I would just like to know if making two separate classifiers from the same database makes a difference to the accuracy of classification.
For instance, I want to get rid of "non-microbial" reads from my sequences and process only the microbial reads. What I usually do is make a classifier with sequences that I want to remove (e.g., Fungi, Animalia) and then run classification and filter the classified "non-microbe" sequences. After that, I will make a classifier from the pool of reference sequences devoid of the "non-microbe" sequences, and then classify them using this classifier (which will be considered as the final 'microbe-only' dataset.
I am not running using an HPC cluster so I am trying to make my run more manageable on my laptop.
The bottom line is--am I comprising the quality of the results?
I think what you are proposing sounds reasonable. Though I'd leave in at least a handful of microbial sequences within your "non-microbe" classifier, and vice versa for your "microbe" classifier. Just in case something is incorrectly classified at the Domain level. That is, there should always be several outgroup taxa (domains in this case) in your classifier.

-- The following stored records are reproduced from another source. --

(* Let $\Lambda$ be quasi-lacunary with parameters $q,N$. Let $\beta>0$, $\mu\in\mathcal{M}_{x^\beta}$ and $\alpha>-1$. There exists $k_0>0$ such that for all $k\geqslant k_0$, all $f_k\in F_k$ and all $p,s\geqslant1$, \[\|f_k\|_{L^p(\mathrm{d}\mu)}\lesssim\lambda_{n_k}^{\delta}\,\|f_k\|_{L^s((1-x)^\alpha\mathrm{d}x)},\qquad\delta=\frac{1+\alpha}{s}-\frac{\beta}{p},\] where the implicit constant depends only on $p,s,\alpha,\beta$ and $q,N$ (and not on $k$ or $f_k$).
   Context: $\Lambda=(\lambda_j)_{j\geqslant0}$ is an increasing sequence of positive reals with $\sum_j1/\lambda_j<\infty$. $\Lambda$ is quasi-lacunary with parameters $q>1$, $N\geqslant1$ if $\Lambda$ is partitioned into consecutive disjoint blocks $E_k=\{\lambda_j: n_k\leqslant j<n_{k+1}\}$ ($0=n_0<n_1<\dots$) with $\#E_k\leqslant N$ and $q\leqslant\lambda_{n_{k+1}}/\lambda_{n_k}\leqslant q^{2N}$. $F_k=\operatorname{Span}\{t^\lambda:\lambda\in E_k\}$ on $[0,1]$. $\mathcal{M}_{x^\beta}$ is the set of positive Borel measures $\mu$ on $[0,1]$ with $\mu([1-\varepsilon,1])\leqslant C\varepsilon^\beta$ for all $\varepsilon\in(0,1]$, $C$ depending only on $\mu$. *)

theory Defs
  imports "HOL-Analysis.Analysis"
begin

definition muntz_seq :: "(nat \<Rightarrow> real) \<Rightarrow> bool" where
  "muntz_seq lam \<longleftrightarrow> strict_mono lam \<and> (\<forall>j. 0 < lam j) \<and> summable (\<lambda>j. 1 / lam j)"

text \<open>Quasi-lacunarity with parameters q, N, witnessed by the block boundaries nb
  (block k is E_k = {lam j : nb k \<le> j < nb (k+1)}).\<close>
definition quasi_lacunary :: "(nat \<Rightarrow> real) \<Rightarrow> real \<Rightarrow> nat \<Rightarrow> (nat \<Rightarrow> nat) \<Rightarrow> bool" where
  "quasi_lacunary lam q N nb \<longleftrightarrow>
     nb 0 = 0 \<and> strict_mono nb \<and> (\<forall>k. nb (Suc k) - nb k \<le> N) \<and>
     (\<forall>k. q \<le> lam (nb (Suc k)) / lam (nb k) \<and> lam (nb (Suc k)) / lam (nb k) \<le> q ^ (2 * N))"

definition block_space :: "(nat \<Rightarrow> real) \<Rightarrow> (nat \<Rightarrow> nat) \<Rightarrow> nat \<Rightarrow> (real \<Rightarrow> real) set" where
  "block_space lam nb k =
     {f. \<exists>c :: nat \<Rightarrow> real. f = (\<lambda>t. \<Sum>j\<in>{nb k..<nb (Suc k)}. c j * t powr lam j)}"

definition in_M_beta :: "real \<Rightarrow> real \<Rightarrow> real measure \<Rightarrow> bool" where
  "in_M_beta \<beta> Cmu \<mu> \<longleftrightarrow>
     sets \<mu> = sets borel \<and> emeasure \<mu> (- {0..1}) = 0 \<and>
     (\<forall>\<epsilon>\<in>{0<..1}. emeasure \<mu> {1 - \<epsilon>..1} \<le> ennreal (Cmu * \<epsilon> powr \<beta>))"

definition Lp_norm :: "real measure \<Rightarrow> real \<Rightarrow> (real \<Rightarrow> real) \<Rightarrow> real" where
  "Lp_norm \<mu> p f = (\<integral>x. \<bar>f x\<bar> powr p \<partial>\<mu>) powr (1 / p)"

definition wLp_norm :: "real \<Rightarrow> real \<Rightarrow> (real \<Rightarrow> real) \<Rightarrow> real" where
  "wLp_norm \<alpha> s f = (LINT x:{0..1}|lborel. \<bar>f x\<bar> powr s * (1 - x) powr \<alpha>) powr (1 / s)"

end

(*
  Put l = lambda_{n_k}. A block f(t) = sum c_j t^{lambda_j} in F_k becomes, after t = e^{y/l}, an
  exponential sum F(y) = sum c_j e^{rho_j y} with at most N frequencies rho_j = lambda_j / l in
  [1, q^{2N}]. Along any arithmetic progression such a sum satisfies a linear recurrence of
  order N with characteristic roots e^{rho_j d}, so N + 1 consecutive samples control all the
  others. Two consequences: |F| on [-1, -3/4] is bounded by the L^s mean of F over [-1, -1/2],
  and |F(y)| <= C sup_{[-1,-3/4]} |F| e^{y/2} for all y <= 0. Going back to t, the interval
  [-1, -1/2] corresponds to 1 - t ~ 1/l, where (1 - t)^alpha ~ l^{-alpha}; hence
  |f(t)| <= C l^{(1+alpha)/s} ||f||_{L^s((1-x)^alpha dx)} t^{l/2}. Finally, for mu in M_{x^beta},
  a layer-cake decomposition of 1 - t into steps of size 1/l gives int t^{l/2} dmu = O(l^{-beta}).
*)

theory Submission
  imports Defs "HOL-Real_Asymp.Real_Asymp"
begin

section \<open>Linear recurrences with bounded characteristic roots\<close>

text \<open>In this section u i is the sequence u 0 after applying the first i factors of the
  difference operator (E - a 0) \<dots> (E - a (m - 1)), with E the shift n \<mapsto> n + 1; the hypothesis
  u m = 0 says that u 0 satisfies the corresponding linear recurrence of order m.\<close>

lemma cascade_initial_bound:
  fixes u :: "nat \<Rightarrow> nat \<Rightarrow> real"
  assumes rec: "\<And>i n. i < m \<Longrightarrow> u (Suc i) n = u i (Suc n) - a i * u i n"
    and a: "\<And>i. i < m \<Longrightarrow> \<bar>a i\<bar> \<le> A" and "0 \<le> A"
    and samples: "\<And>k. k \<le> m \<Longrightarrow> \<bar>u 0 k\<bar> \<le> H"
  shows "i + k \<le> m \<Longrightarrow> \<bar>u i k\<bar> \<le> (1 + A) ^ i * H"
proof (induction i arbitrary: k)
  case 0
  then show ?case using samples by simp
next
  case (Suc i)
  have "H \<ge> 0" using samples[of 0] by linarith
  then have IH: "\<bar>u i n\<bar> \<le> (1 + A) ^ i * H" "0 \<le> (1 + A) ^ i * H" if "n \<le> Suc k" for n
    using Suc.IH[of n] Suc.prems that \<open>0 \<le> A\<close> by auto
  have "\<bar>u (Suc i) k\<bar> \<le> \<bar>u i (Suc k)\<bar> + \<bar>a i\<bar> * \<bar>u i k\<bar>"
    using rec[of i k] Suc.prems abs_triangle_ineq4[of "u i (Suc k)" "a i * u i k"]
    by (simp add: abs_mult)
  also have "\<dots> \<le> (1 + A) ^ i * H + A * ((1 + A) ^ i * H)"
    using IH[of "Suc k"] IH[of k] a[of i] Suc.prems by (intro add_mono mult_mono) auto
  also have "\<dots> = (1 + A) ^ Suc i * H" by (simp add: algebra_simps)
  finally show ?case .
qed
lemma r0_length_profile:
  assumes nil: "\<forall>x\<in>X. x ^ N x \<in> annihilator scale"
    and L0: "chain_length (is_ideal_in (Rg 0)) {0} (Rg 0) = enat L0"
  obtains T L where "top_gen_degree \<le> T" "reg_dim0 scale Rg Eg = ereal (real_of_int T)"
    "\<And>t. r0_length scale Rg (Eg t) = enat (L t)"
    "\<And>t. top_gen_degree \<le> t \<Longrightarrow> t \<le> T \<Longrightarrow> 1 \<le> L t" "\<And>t. T < t \<Longrightarrow> L t = 0"
    "\<And>t. t < bottom_gen_degree \<Longrightarrow> L t = 0"
    "r0_length scale Rg UNIV = enat (\<Sum>t\<in>{bottom_gen_degree..T}. L t)"
proof -
  let ?nonzero = "{t. Eg t \<noteq> {0}}"
  have "?nonzero \<subseteq> {bottom_gen_degree..top_gen_degree + sum N X}"
    using piece_vanishes_below piece_vanishes_above[OF nil] by force
  hence fin: "finite ?nonzero" by (rule finite_subset) simp
  define T where "T = Max ?nonzero"
  have top_T: "top_gen_degree \<le> T" unfolding T_def using fin top_gen_piece_nonzero by simp
  have T_nonzero: "Eg T \<noteq> {0}" unfolding T_def using Max_in[OF fin] top_gen_piece_nonzero by blast
  have above: "Eg t = {0}" if "T < t" for t using that Max_ge[OF fin, of t] unfolding T_def by force
  define L where "L t = the_enat (r0_length scale Rg (Eg t))" for t
  have L: "r0_length scale Rg (Eg t) = enat (L t)" for t
  proof -
    obtain n where "r0_length scale Rg (Eg t) = enat n" using finite_r0_length_piece[OF L0] by blast
    thus ?thesis unfolding L_def by simp
  qed
  have L_0: "L t = 0" if "Eg t = {0}" for t
    using L[of t] that r0_length_zero_module[of scale Rg] by (simp add: zero_enat_def)
  have "1 \<le> L t" if "top_gen_degree \<le> t" "t \<le> T" for t
    using one_le_r0_length[OF is_R0_submodule_piece piece_nonzero_between[OF that T_nonzero]] L[of t]
    by (simp add: one_enat_def)
  moreover have "r0_length scale Rg UNIV = enat (\<Sum>t\<in>{bottom_gen_degree..T}. L t)"
    using piece_vanishes_below above L by (intro r0_length_UNIV_eq_sum) (auto simp: not_le not_less)
  ultimately show thesis
    using that top_T reg_dim0_eq_top_degree[OF T_nonzero above] L L_0 above piece_vanishes_below by blast
qed

end

text \<open>Each of the T - d degrees above d contributes at least one to e - q.\<close>

lemma top_degree_arith:
  fixes L :: "int \<Rightarrow> nat" and a d T :: int and e q :: nat
  assumes "a \<le> d" "d \<le> T"
    and pos: "\<And>t. d \<le> t \<Longrightarrow> t \<le> T \<Longrightarrow> 1 \<le> L t" and zero: "\<And>t. T < t \<Longrightarrow> L t = 0"
    and e: "e = (\<Sum>t\<in>{a..T}. L t)" and q: "q = (\<Sum>t\<in>{a..d}. L t)"
  shows "T \<le> d + int e - int q"
    and "T = d + int e - int q \<longleftrightarrow>
      (\<forall>t. d + 1 \<le> t \<and> t \<le> d + int e - int q \<longrightarrow> L t = 1) \<and> (\<forall>t. t \<ge> d + int e - int q + 1 \<longrightarrow> L t = 0)"
proof -
  let ?s = "\<Sum>t\<in>{d<..T}. L t"
  have "{a..T} = {a..d} \<union> {d<..T}" "{a..d} \<inter> {d<..T} = {}" using assms(1,2) by auto
  hence "e = q + ?s" unfolding e q by (simp add: sum.union_disjoint)
  hence deq: "d + int e - int q = d + int ?s" by simp
  have excess: "?s = nat (T - d) + (\<Sum>t\<in>{d<..T}. L t - 1)"
  proof -
    have "?s = (\<Sum>t\<in>{d<..T}. 1 + (L t - 1))"
    proof (rule sum.cong[OF refl])
      fix t assume "t \<in> {d<..T}"
      hence "1 \<le> L t" using pos by auto
      thus "L t = 1 + (L t - 1)" by simp
    qed
    also have "\<dots> = card {d<..T} + (\<Sum>t\<in>{d<..T}. L t - 1)" by (simp only: sum.distrib card_eq_sum)
    finally show ?thesis by simp
  qed
  show le: "T \<le> d + int e - int q" using deq excess assms(2) by linarith
  show "T = d + int e - int q \<longleftrightarrow>
      (\<forall>t. d + 1 \<le> t \<and> t \<le> d + int e - int q \<longrightarrow> L t = 1) \<and> (\<forall>t. t \<ge> d + int e - int q + 1 \<longrightarrow> L t = 0)"
  proof
    assume T: "T = d + int e - int q"
    hence no_excess: "(\<Sum>t\<in>{d<..T}. L t - 1) = 0" using deq excess assms(2) by linarith
    have "L t = 1" if "d + 1 \<le> t" "t \<le> T" for t
    proof -
      have "L t \<le> 1" using no_excess that by simp
      thus ?thesis using that pos[of t] by simp
    qed
    thus "(\<forall>t. d + 1 \<le> t \<and> t \<le> d + int e - int q \<longrightarrow> L t = 1) \<and> (\<forall>t. t \<ge> d + int e - int q + 1 \<longrightarrow> L t = 0)"
      using zero T by auto
  next
    assume h: "(\<forall>t. d + 1 \<le> t \<and> t \<le> d + int e - int q \<longrightarrow> L t = 1) \<and> (\<forall>t. t \<ge> d + int e - int q + 1 \<longrightarrow> L t = 0)"
    show "T = d + int e - int q"
    proof (rule ccontr)
      assume "T \<noteq> d + int e - int q"
      hence "L (T + 1) = 1" using h le assms(2) by auto
      thus False using zero[of "T + 1"] by simp
    qed
  qed
qed

lemma the_enat_sum_nonzero_lengths:
  fixes f :: "int \<Rightarrow> enat" and L :: "int \<Rightarrow> nat"
  assumes f: "\<And>t. f t = enat (L t)" and below: "\<And>t. t < a \<Longrightarrow> L t = 0"
  shows "the_enat (\<Sum>i\<in>{i. i \<le> d \<and> f i \<noteq> 0}. f i) = (\<Sum>t\<in>{a..d}. L t)"
proof -
  have sub: "{i. i \<le> d \<and> f i \<noteq> 0} \<subseteq> {a..d}" using f below by (force simp: zero_enat_def not_less[symmetric])
  have "(\<Sum>i\<in>{i. i \<le> d \<and> f i \<noteq> 0}. f i) = enat (\<Sum>i\<in>{i. i \<le> d \<and> f i \<noteq> 0}. L i)"
    by (simp add: f of_nat_eq_enat[symmetric])
  also have "(\<Sum>i\<in>{i. i \<le> d \<and> f i \<noteq> 0}. L i) = (\<Sum>t\<in>{a..d}. L t)"
    using f by (intro sum.mono_neutral_left[OF _ sub]) (auto simp: zero_enat_def)
  finally show ?thesis by simp
qed

theorem lemma2p3:
  fixes scale :: "'r::comm_ring_1 \<Rightarrow> 'm::ab_group_add \<Rightarrow> 'm"
    and Rg :: "nat \<Rightarrow> 'r set" and Eg :: "int \<Rightarrow> 'm set" and G :: "'m set" and d :: int
  assumes "noetherian_ring TYPE('r)"
    and "standard_graded Rg"
    and "local_ring_on (Rg 0)" and "artinian_ring_on (Rg 0)"
    and "graded_module scale Rg Eg"
    and "finitely_generated_module scale"
    and "module_dim_eq scale 0"
    and "minimal_homogeneous_generators scale Eg G"
    and "d = Max {n. \<exists>g\<in>G. g \<in> Eg n \<and> g \<noteq> 0}"
  defines "e \<equiv> the_enat (r0_length scale Rg UNIV)"
    and "q \<equiv> the_enat (\<Sum>i\<in>{i. i \<le> d \<and> r0_length scale Rg (Eg i) \<noteq> 0}. r0_length scale Rg (Eg i))"
  shows "(reg_dim0 scale Rg Eg \<le> ereal (real_of_int (d + int e - int q))) \<and>
         (reg_dim0 scale Rg Eg = ereal (real_of_int (d + int e - int q)) \<longleftrightarrow>
           ((\<forall>t. d + 1 \<le> t \<and> t \<le> d + int e - int q \<longrightarrow> r0_length scale Rg (Eg t) = 1) \<and>
            (\<forall>t. t \<ge> d + int e - int q + 1 \<longrightarrow> r0_length scale Rg (Eg t) = 0)))"
proof -
  interpret graded_ring_module Rg scale Eg
    using assms(2,5) unfolding standard_graded_def by unfold_locales blast+
  obtain X where X: "finite X" "X \<subseteq> Rg 1" "Rg 1 \<subseteq> R0_span (*) Rg X"
    using R1_finitely_generated[OF assms(1)] by blast
  note G = minimal_homogeneous_generators_facts[OF module_axioms assms(6,8)]
  have "G \<noteq> {}" using G(4) module_dim_eq_nontrivial[OF assms(7)] by auto
  then interpret graded_module_with_generators Rg scale Eg G X
    using G X piece_subset_span_monomials[OF assms(2) X] by unfold_locales auto
  obtain N where "\<forall>x\<in>X. x ^ N x \<in> annihilator scale"
    using R1_nilpotent_on_dim0[OF assms(1,7)] X(2) by (metis subsetD)
  moreover obtain L0 where "chain_length (is_ideal_in (Rg 0)) {0} (Rg 0) = enat L0"
    using finite_length_R0[OF assms(1,4)] by blast
  ultimately obtain T L where profile: "top_gen_degree \<le> T" "reg_dim0 scale Rg Eg = ereal (real_of_int T)"
    "\<And>t. r0_length scale Rg (Eg t) = enat (L t)"
    "\<And>t. top_gen_degree \<le> t \<Longrightarrow> t \<le> T \<Longrightarrow> 1 \<le> L t" "\<And>t. T < t \<Longrightarrow> L t = 0"
    "\<And>t. t < bottom_gen_degree \<Longrightarrow> L t = 0"
    "r0_length scale Rg UNIV = enat (\<Sum>t\<in>{bottom_gen_degree..T}. L t)"
    by (rule r0_length_profile) (rule that)
  have d: "d = top_gen_degree" unfolding assms(9) top_gen_degree_def gen_degrees_eq by (rule refl)
  have bottom: "bottom_gen_degree \<le> d" using bottom_le_top_gen_degree d by simp
  have e: "e = (\<Sum>t\<in>{bottom_gen_degree..T}. L t)" unfolding e_def profile(7) by simp
  have q: "q = (\<Sum>t\<in>{bottom_gen_degree..d}. L t)"
    unfolding q_def using profile(3,6) by (rule the_enat_sum_nonzero_lengths)
  note arith = top_degree_arith[OF bottom profile(1)[folded d] profile(4)[folded d] profile(5) e q]
  show ?thesis unfolding profile(2) ereal.inject of_int_eq_iff
    using arith by (simp add: profile(3) one_enat_def zero_enat_def)
qed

There are some other avenues you might try to exclude non-microbial reads:
Perhaps run one of the above two procedures... then only add a handful of representative non-microbial taxa to your microbial classifier as the representative outgroups.
How are you making your reference database? Have you tried the RESCRIPt plugin? The tutorials hint at a few ways you can reduce the size of the reference database, e.g. dereplicate the reference sequences, use the amplicon region.
Thanks for this helpful response.
I've been using the RESCRIPt plugin that you made in preparing the classifiers and I also follow the tutorials you made. It is really helpful and makes everything faster.
I'll try doing your suggestions and look if there is a significant difference in the classification.
Again, thanks, and more power to open Science!